I certainly didn't make any conscious effort to change it.

It was correct last Sunday morning after the clocks went back.

I presume I can fix it easily, but is there any good reason why this would have happened?

Brendan
 
it may be your regional settings Brendan, it might think you are in a different time zone.

Or the setting that adjusts the time automatically for daylight saving time has been turned off
 
The CMOS battery is gone on my old PC, I have to reset the date and time after every unplug.

In your case just the time reset? Could be the start of a failing CMOS or a virus?
 
Could be the start of a failing CMOS or a virus?

I ran Avast just to check for a virus, and it is clean. Would a virus not mess up the clock generally and just reset the daylight saving time.

What is the CMOS and what other symptom might there be? Do I need to take any preventative action in the meantime?

Brendan
 
Thanks mathepac

So that is the most likely cause.

I am not really comfortable opening up my pc and messing around with motherboards. I can live with a wrong clock.

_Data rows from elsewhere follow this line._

(* Let $V=[v_1,\dots,v_k],W=[w_1,\dots,w_k]\in\mathbb{R}^{d\times k}$, let $1\le i\le k$ with $w_i\ne0$, let $\gamma\in(0,1/2]$ and $R\ge2$. Let $\hat w_i=w_i/\|w_i\|_2$, $u=v_i-(v_i^\top\hat w_i)\hat w_i$, and, if $u\ne0$, $\hat u=u/\|u\|_2$. Let $\mathscr{E}=\mathscr{E}_{i,\gamma,R}$ be the event over $x\sim\mathcal{N}(0,I_d)$ that \[ 1\le\frac{x^\top\hat w_i}{R\sqrt{\log(1/\gamma)}}\le2\quad\text{and}\quad1\le\frac{x^\top\hat u}{2\sqrt{\log(1/\gamma)}}\le2, \] where, if $u=0$, the condition on $x^\top\hat u$ is omitted. Then $\Pr[\mathscr{E}]\ge\gamma^{28+6R^2}$. *)

theory Defs
  imports "HOL-Analysis.Analysis" "HOL-Probability.Probability"
begin

definition std_gaussian :: "('d::finite) itself \<Rightarrow> (real^'d) measure" where
  "std_gaussian _ = distr (PiM UNIV (\<lambda>_::'d. density lborel std_normal_density))
                          borel (\<lambda>f. \<chi> j. f j)"

end

theory Submission
  imports Defs
begin

text \<open>The standard Gaussian measure is invariant under orthogonal maps. Since \<open>wh\<close> and \<open>uh\<close>
  are orthonormal, an orthogonal map sending them to two coordinate axes turns the event into a
  product of two independent one-dimensional events \<open>a \<le> Z \<le> 2 a\<close> with
  \<open>a = t sqrt (ln (1/\<gamma>))\<close>, for \<open>t = R\<close> and \<open>t = 2\<close>. Each has probability at least
  \<open>a \<phi>(2 a) = a \<gamma> powr (2 t\<^sup>2) / sqrt (2 \<pi>)\<close>, and this exceeds \<open>\<gamma> powr (2 t\<^sup>2 + 2)\<close>
  because \<open>a \<ge> 1\<close> and \<open>\<gamma>\<^sup>2 \<le> 1/4\<close>.\<close>

section \<open>Rotation invariance of Lebesgue measure on \<open>real^'n\<close>\<close>

text \<open>The change-of-variables results of HOL-Analysis (\<open>measure_orthogonal_image\<close>) require a
  wellordered index type; an arbitrary finite index type is reduced to this copy of it by
  permuting coordinates.\<close>

typedef ('a::finite) ranked = "{..<CARD('a)}" morphisms rank unrank
  by (rule exI[of _ 0]) simp

instantiation ranked :: (finite) linorder
begin
definition "less_eq_ranked (x::'a ranked) (y::'a ranked) \<longleftrightarrow> rank x \<le> rank y"
definition "less_ranked (x::'a ranked) (y::'a ranked) \<longleftrightarrow> rank x < rank y"
instance by standard (auto simp: less_eq_ranked_def less_ranked_def rank_inject)
end

lemma UNIV_ranked: "(UNIV :: 'a::finite ranked set) = unrank ` {..<CARD('a)}"
  by (metis type_definition.Abs_image type_definition_ranked)

instance ranked :: (finite) finite
  by standard (simp add: UNIV_ranked)

instance ranked :: (finite) wellorder
proof
  fix P :: "'a ranked \<Rightarrow> bool" and a :: "'a ranked"
  assume step: "\<And>x. (\<And>y. y < x \<Longrightarrow> P y) \<Longrightarrow> P x"
  have "rank x = n \<Longrightarrow> P x" for n x
    by (induction n arbitrary: x rule: less_induct) (metis step less_ranked_def)
  then show "P a" by blast
qed

lemma card_ranked: "CARD('a::finite ranked) = CARD('a)"
proof -
  have "inj_on (unrank :: nat \<Rightarrow> 'a ranked) {..<CARD('a)}"
    by (metis unrank_inverse inj_onI)
  then show ?thesis by (simp add: UNIV_ranked card_image)
qed

lemma bij_from_ranked: obtains f :: "'a::finite ranked \<Rightarrow> 'a" where "bij f"
  using bij_betw_iff_card[of "UNIV :: 'a ranked set" "UNIV :: 'a set"] card_ranked by auto
lemma estimate_ok_of_uniform_deviation:
  assumes T: "finite T" "T \<subseteq> H"
    and deviation: "\<And>h. h \<in> T \<Longrightarrow> \<bar>rho_emp M X h g - rho D h g\<bar> \<le> \<delta>"
    and h: "h \<in> disagree_set T g x0" "rho D h g \<le> LDM D H g x0 + s"
    and t: "0 \<le> s" "\<delta> + s \<le> t"
  shows "estimate_ok D H g x0 M T X t"
  unfolding estimate_ok_iff[OF T(1)]
proof
  show "\<exists>h\<in>disagree_set T g x0. rho_emp M X h g \<le> LDM D H g x0 + t"
    using h deviation[of h] t by (intro bexI[OF _ h(1)]) (auto simp: disagree_set_def)
  show "\<forall>h\<in>disagree_set T g x0. LDM D H g x0 - t \<le> rho_emp M X h g"
  proof
    fix h' assume h': "h' \<in> disagree_set T g x0"
    then have "LDM D H g x0 \<le> rho D h' g"
      using T by (intro LDM_le_rho) (auto simp: disagree_set_def)
    then show "LDM D H g x0 - t \<le> rho_emp M X h' g"
      using deviation[of h'] h' t by (auto simp: disagree_set_def)
  qed
qed

locale finite_label_hypotheses = prob_space D for D :: "'x measure" +
  fixes H :: "('x \<Rightarrow> 'y) set" and Y :: "'y set"
  assumes finite_labels: "finite Y"
    and labels_in: "\<And>h x. h \<in> H \<Longrightarrow> x \<in> space D \<Longrightarrow> h x \<in> Y"
    and measurable_hypothesis: "\<And>h. h \<in> H \<Longrightarrow> h \<in> D \<rightarrow>\<^sub>M count_space UNIV"
begin

lemma pred_disagreement: "h1 \<in> H \<Longrightarrow> h2 \<in> H \<Longrightarrow> Measurable.pred D (\<lambda>x. h1 x \<noteq> h2 x)"
  by (rule pred_neq_finite_range[OF _ _ finite_labels]) (auto intro: measurable_hypothesis labels_in)

lemma rho_triangle:
  assumes "h1 \<in> H" "h2 \<in> H" "h3 \<in> H"
  shows "rho D h1 h3 \<le> rho D h1 h2 + rho D h2 h3"
proof -
  have "rho D h1 h3 \<le> prob ({x \<in> space D. h1 x \<noteq> h2 x} \<union> {x \<in> space D. h2 x \<noteq> h3 x})"
    unfolding rho_def using assms pred_disagreement by (intro finite_measure_mono) auto
  also have "\<dots> \<le> rho D h1 h2 + rho D h2 h3"
    unfolding rho_def using assms pred_disagreement by (intro measure_Un_le) auto
  finally show ?thesis .
qed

Could it cause any serious problems?

Brendan
 
The date was correct so it's not the CMOS battery. Likely just some quirk with your time/timezone/daylight saving settings. Just have a look at those.
 
When you send emails, what time/date appears when the chain-mail is printed? What time/date appears for emails being received in your Inbox listing?
 
The only problem with it not giving the correct time would be if you send something that might be needed at a future date to verify time. Other than that?
 
There is an option to manually set or reset the Date and Time on a computer, irrespective of operating system, whichever of the various flavours of Windoze, Linux, macOS it runs. There is also an option to automatically sync the date with a central server for each time-zone. Here is a set of instructions for yours and to keep it in sync with daylight saving time and so on.

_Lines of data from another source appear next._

lemma is_category_op:
  assumes C: "is_category C"
  shows "is_category (op_cat C)"
  unfolding is_category_def op_cat_simps
proof (intro conjI ballI impI)
  fix a b c d f g h
  assume "a \<in> Ob C" "b \<in> Ob C" "c \<in> Ob C" "d \<in> Ob C"
    and "f \<in> Hom C b a" "g \<in> Hom C c b" "h \<in> Hom C d c"
  then show "comp C (comp C f g) h = comp C f (comp C g h)"
    using category_assoc[OF C] by metis
next
  fix a b a' b'
  assume "a \<in> Ob C" "b \<in> Ob C" "a' \<in> Ob C" "b' \<in> Ob C" "(a, b) \<noteq> (a', b')"
  then show "Hom C b a \<inter> Hom C b' a' = {}"
    using category_hom_disjoint[OF C, of b a b' a'] by blast
qed (use category_idm[OF C] category_comp_closed[OF C] category_idm_left[OF C]
       category_idm_right[OF C] in auto)

lemma is_functor_op: "is_functor C D Fo Fm \<Longrightarrow> is_functor (op_cat C) (op_cat D) Fo Fm"
  unfolding is_functor_def by simp

lemma Aut_op: "Aut (op_cat C) a = Aut C a"
  unfolding Aut_def by auto

lemma is_adjunction_op:
  assumes adj: "is_adjunction C D Fo Fm Go Gm phi"
  shows "is_adjunction (op_cat D) (op_cat C) Go Gm Fo Fm (\<lambda>B A. inv_into (Hom D (Fo A) B) (phi A B))"
proof -
  define psi where "psi A B = inv_into (Hom D (Fo A) B) (phi A B)" for A B
  note C = adjunctionD(1)[OF adj] and D = adjunctionD(2)[OF adj]
    and F = adjunctionD(3)[OF adj] and G = adjunctionD(4)[OF adj]
  have psi_bij: "bij_betw (psi A B) (Hom C A (Go B)) (Hom D (Fo A) B)"
    if "A \<in> Ob C" "B \<in> Ob D" for A B
    unfolding psi_def by (rule bij_betw_inv_into[OF adjunction_bij[OF adj that]])
  have psi_phi: "psi A B (phi A B h) = h"
    if "A \<in> Ob C" "B \<in> Ob D" "h \<in> Hom D (Fo A) B" for A B h
    unfolding psi_def by (rule bij_betw_inv_into_left[OF adjunction_bij[OF adj that(1,2)] that(3)])
  have psi_hom: "psi A B g \<in> Hom D (Fo A) B" and phi_psi: "phi A B (psi A B g) = g"
    if "A \<in> Ob C" "B \<in> Ob D" "g \<in> Hom C A (Go B)" for A B g
    using bij_betw_apply[OF psi_bij[OF that(1,2)] that(3)]
      bij_betw_inv_into_right[OF adjunction_bij[OF adj that(1,2)] that(3)]
    unfolding psi_def by auto
  have natural_right: "psi A B' (comp C (Gm h) g) = comp D h (psi A B g)"
    if "A \<in> Ob C" "B \<in> Ob D" "B' \<in> Ob D" "h \<in> Hom D B B'" "g \<in> Hom C A (Go B)" for A B B' h g
  proof -
    have "comp C (Gm h) g = phi A B' (comp D h (psi A B g))"
      using adjunction_natural_right[OF adj that(1-3) psi_hom[OF that(1,2,5)] that(4)]
        phi_psi[OF that(1,2,5)] by simp
    then show ?thesis
      using psi_phi[OF that(1,3)] category_comp_closed[OF D functor_obj[OF F that(1)] that(2,3)
          psi_hom[OF that(1,2,5)] that(4)] by simp
  qed
  have natural_left: "psi A' B (comp C g f) = comp D (psi A B g) (Fm f)"
    if "A \<in> Ob C" "A' \<in> Ob C" "B \<in> Ob D" "f \<in> Hom C A' A" "g \<in> Hom C A (Go B)" for A A' B f g
  proof -
    have "comp C g f = phi A' B (comp D (psi A B g) (Fm f))"
      using adjunction_natural_left[OF adj that(1-4) psi_hom[OF that(1,3,5)]]
        phi_psi[OF that(1,3,5)] by simp
    then show ?thesis
      using psi_phi[OF that(2,3)] category_comp_closed[OF D functor_obj[OF F that(2)]
          functor_obj[OF F that(1)] that(3) functor_hom[OF F that(2,1,4)] psi_hom[OF that(1,3,5)]]
      by simp
  qed
  show ?thesis
    unfolding psi_def[symmetric] is_adjunction_def op_cat_simps
    using is_category_op[OF C] is_category_op[OF D] is_functor_op[OF F] is_functor_op[OF G]
      psi_bij natural_left natural_right by simp
qed

lemma dual_ramsey_property_adjunction:
  assumes adj: "is_adjunction C D Fo Fm Go Gm phi"
    and aut: "\<forall>B\<in>Ob D. Aut C (Go B) = Gm ` Aut D B"
    and ramsey: "dual_ramsey_property C"
  shows "dual_ramsey_property D"
  using ramsey_property_adjunction[OF is_adjunction_op[OF adj]] aut ramsey
  unfolding dual_ramsey_property_def by (simp add: Aut_op)

theorem lemma3p2:
  fixes C :: "('a,'f) cat" and D :: "('b,'g) cat"
    and Fo :: "'a \<Rightarrow> 'b" and Fm :: "'f \<Rightarrow> 'g"
    and Go :: "'b \<Rightarrow> 'a" and Gm :: "'g \<Rightarrow> 'f"
    and phi :: "'a \<Rightarrow> 'b \<Rightarrow> 'g \<Rightarrow> 'f"
  assumes adj: "is_adjunction C D Fo Fm Go Gm phi"
  shows "((\<forall>A\<in>Ob C. Aut D (Fo A) = Fm ` Aut C A) \<longrightarrow>
            ramsey_property D \<longrightarrow> ramsey_property C)
       \<and> ((\<forall>B\<in>Ob D. Aut C (Go B) = Gm ` Aut D B) \<longrightarrow>
            dual_ramsey_property C \<longrightarrow> dual_ramsey_property D)"
  using ramsey_property_adjunction[OF adj] dual_ramsey_property_adjunction[OF adj] by blast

http://www.computerhope.com/issues/ch000554.htm

@Brendan , rather than rooting around with the physical internals of batteries and motherboards, etc, can you leave your PC switched on or at least leave it attached to a "live" mains outlet, both of which will preserve the date and other settings.

If the CMOS battery dies, other settings would be lost too and the computer would boot into set-up mode, prompting for settings. I don't believe it's the CMOS battery is the problem.
 
When you send emails, what time/date appears when the chain-mail is printed? What time/date appears for emails being received in your Inbox listing?

I clicked on it earlier and the clock seemed to be showing the right time.
I rebooted my pc and it has been correct since.

The time on emails sent and received seems to be correct.

Brendan
 
My PC has done the same thing today, jumped forward one hour. There were some updates yesterday, AVG and Windows, perhaps this affected the clock.
 
Windows 10? If so maybe go into Settings -> Time & Language -> and turn off setting Time/Time Zone/daylight saving automatically, instead setting the time manually (check that the Time Zone is set to Dublin (UTC+00:00). This should work around the likely cause highlighted by Leo.